SHANK1 PDZ 域与内部 SLiM 之间相互作用的生物物理和结构分析。
PDZ(突触后密度蛋白-95[PSD-95]/Discs-large)结构域是一种识别模块,由于它能够特异性地识别具有共识基调(也称为 PDZ 结合基调 [PBM])的配体,因此备受关注。PBM 通常以 C 端羧酸盐作为识别柄,并已被广泛表征,而内部配体则鲜为人知。在这里,我们根据短线性基团(SLiM)--EESTSFQGP--与 SHANK1 PDZ 结构域(SHANK1656-762,以下简称 SHANK1)的强结合亲和力,将其表征为内部 PBM。使用乙酰化类似物 Ac-EESTSFQGP-CONH2 作为 SHANK1 与 FAM-Ahx-EESTSFQGP-CONH2 或典型的荧光团标记的 C 端 PBM(GKAP-FITC-Ahx-EAQTRL-COOH)相互作用的竞争物,通过竞争荧光各向异性(FA)证明内部 SLiM 显示出相似的低微摩尔 IC50。
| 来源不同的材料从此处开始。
text \<open>
  Call a vertex touched if it is an end of an essential edge. Two distinct touched vertices are
  never joined by a path of non-essential edges: its first edge of such a path would be a bridge with a
  cycle on each side, hence essential. An end of an essential non-loop edge carries a second
  essential edge, so a touched non-essential vertex has exactly two essential incidences. Hence
  the essential edges of a class of \<open>\<sim>\<close> form a chain through non-essential vertices, attached
  to essential vertices by at most two critical incidences (count degrees after splitting the
  essential vertices), and the other edges of the class are trees hanging off the chain. So a
  class is a pendant tree, a path between two essential vertices, or a cycle through at most one
  essential vertex: a fern whose boundary consists of its essential vertices.

  Summing over the classes, the degree of an essential vertex in \<open>H/\<F>\<close> is its number of
  essential incidences, at least 3. Replacing every vertex of a minimum feedback vertex set of
  \<open>H\<close> by an essential vertex of its class gives a feedback vertex set of \<open>H/\<F>\<close>: a cycle of
  \<open>H/\<F>\<close> avoiding it consists of ferns avoiding the original set, and lifts to a cycle of \<open>H\<close>.
\<close>

section \<open>Reachability, paths and cycles\<close>

lemma reach_refl [simp]: "reach F ends x x"
  by (simp add: reach_def)

lemma reach_edge: "e \<in> F \<Longrightarrow> ends e = {x, y} \<Longrightarrow> reach F ends x y"
  unfolding reach_def by (rule r_into_rtranclp) auto

lemma reach_trans: "reach F ends x y \<Longrightarrow> reach F ends y z \<Longrightarrow> reach F ends x z"
  unfolding reach_def by (rule rtranclp_trans)

lemma reach_sym: "reach F ends x y \<Longrightarrow> reach F ends y x"
  unfolding reach_def
proof (induction rule: rtranclp_induct)
  case (step y z)
  then obtain e where "e \<in> F" "ends e = {y, z}" by auto
  then have "(\<lambda>x y. \<exists>e\<in>F. ends e = {x, y})\<^sup>*\<^sup>* z y"
    by (intro r_into_rtranclp) (auto simp: insert_commute)
  with step show ?case by (meson rtranclp_trans)
qed simp

lemma reach_mono: "reach F ends x y \<Longrightarrow> F \<subseteq> G \<Longrightarrow> reach G ends x y"
  unfolding reach_def by (erule rtranclp_mono[THEN predicate2D, rotated]) auto

lemma reach_edge_ends:
  "e \<in> F \<Longrightarrow> ends e = {u, v} \<Longrightarrow> x \<in> ends e \<Longrightarrow> y \<in> ends e \<Longrightarrow> reach F ends x y"
  by (auto intro: reach_edge reach_sym)

lemma card_le_2_doubleton:
  assumes "finite A" "A \<noteq> {}" "card A \<le> 2"
  obtains u v where "A = {u, v}"
proof -
  have "card A \<noteq> 0" using assms(1,2) by simp
  then have "card A = 1 \<or> card A = 2" using assms(3) by linarith
  then show thesis
  proof
    assume "card A = 1"
    then show thesis using that by (auto simp: card_1_singleton_iff)
  next
    assume "card A = 2"
    then show thesis using that by (auto simp: card_2_iff)
  qed
qed

lemma reach_avoiding_edge:
  assumes "reach F ends q y" "\<not> reach F ends q a" "g \<in> F" "a \<in> ends g" "ends g = {u, v}"
  shows "reach (F - {g}) ends q y"
  using assms(1) unfolding reach_def
proof (induction rule: rtranclp_induct)
  case (step x z)
  then obtain e where e: "e \<in> F" "ends e = {x, z}" by auto
  show ?case
  proof (cases "e = g")
    case True
    then have "reach F ends x a" using reach_edge_ends[of g F ends u v x a] assms(3-5) e by auto
    with step(1) assms(2) show ?thesis unfolding reach_def by (meson rtranclp_trans)
  next
    case False
    then have "reach (F - {g}) ends x z" using e by (intro reach_edge) auto
    with step.IH show ?thesis unfolding reach_def by (rule rtranclp_trans)
  qed
qed simp

lemma reach_Diff_pendant_edge:
  assumes "reach F ends a b" "a \<noteq> u" "b \<noteq> u" "\<forall>f\<in>F. u \<in> ends f \<longrightarrow> f = g"
    "ends g = {u, y}" "y \<noteq> u"
  shows "reach (F - {g}) ends a b"
proof -
  have "(x \<noteq> u \<and> reach (F - {g}) ends a x) \<or> (x = u \<and> reach (F - {g}) ends a y)"
    if "reach F ends a x" for x
    using that unfolding reach_def
  proof (induction rule: rtranclp_induct)
    case base then show ?case using assms(2) by (simp add: reach_def)
  next
    case (step x z)
    then obtain e where e: "e \<in> F" "ends e = {x, z}" by auto
    show ?case
    proof (cases "e = g")
      case True
      then have "{x, z} = {u, y}" using e assms(5) by simp
      then show ?thesis using step assms(6) by (auto simp: reach_def doubleton_eq_iff)
    next
      case False
      then have "x \<noteq> u" "z \<noteq> u" using e assms(4) by auto
      moreover have "reach (F - {g}) ends x z" using e False by (intro reach_edge) auto
      ultimately show ?thesis using step by (auto simp: reach_def intro: rtranclp_trans)
    qed
  qed
  from this[OF assms(1)] assms(3) show ?thesis by auto
qed

lemma is_cycle_edges_subset: "is_cycle F ends es vs \<Longrightarrow> set es \<subseteq> F"
  by (simp add: is_cycle_def)

lemma is_cycle_mono: "is_cycle F ends es vs \<Longrightarrow> set es \<subseteq> G \<Longrightarrow> is_cycle G ends es vs"
  by (simp add: is_cycle_def)

lemma is_cycle_ends_subset:
  assumes c: "is_cycle F ends es vs" and "f \<in> set es"
  shows "ends f \<subseteq> set vs"
proof -
  obtain i where i: "i < length es" "f = es ! i" using assms(2) by (metis in_set_conv_nth)
  then have "ends f = {vs ! i, vs ! ((i + 1) mod length es)}" using c by (simp add: is_cycle_def)
  moreover have "(i + 1) mod length es < length vs" using c i by (simp add: is_cycle_def)
  ultimately show ?thesis using c i by (auto simp: is_cycle_def)
qed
为了进一步了解内部配体在分子水平上的相互作用,我们获得了 Ac-EESTSFQGP-CONH2/SHANK1 复合物的 X 射线共晶体结构,并将其与 Ac-EAQTRL-COOH/SHANK1 复合物进行了比较。晶体学研究显示,这两种相互作用的 SHANK1 主干有明显重叠。主要的结构差异来自于柔性环,这些柔性环重组以容纳两个具有不同长度和末端基团的 PBM。此外,Ac-EESTSFQGP-CONH2 中的两个 C 端残基 Gly 和 Pro 未参与与目标蛋白的相互作用,这意味着使用拟肽方法对该序列进行进一步截短和结构修饰是可行的。综上所述,SLiM Ac-EESTSFQGP-CONH2 有潜力成为靶向 SHANK1 的内部配体。
本文章由计算机程序翻译,如有差异,请以英文原文为准。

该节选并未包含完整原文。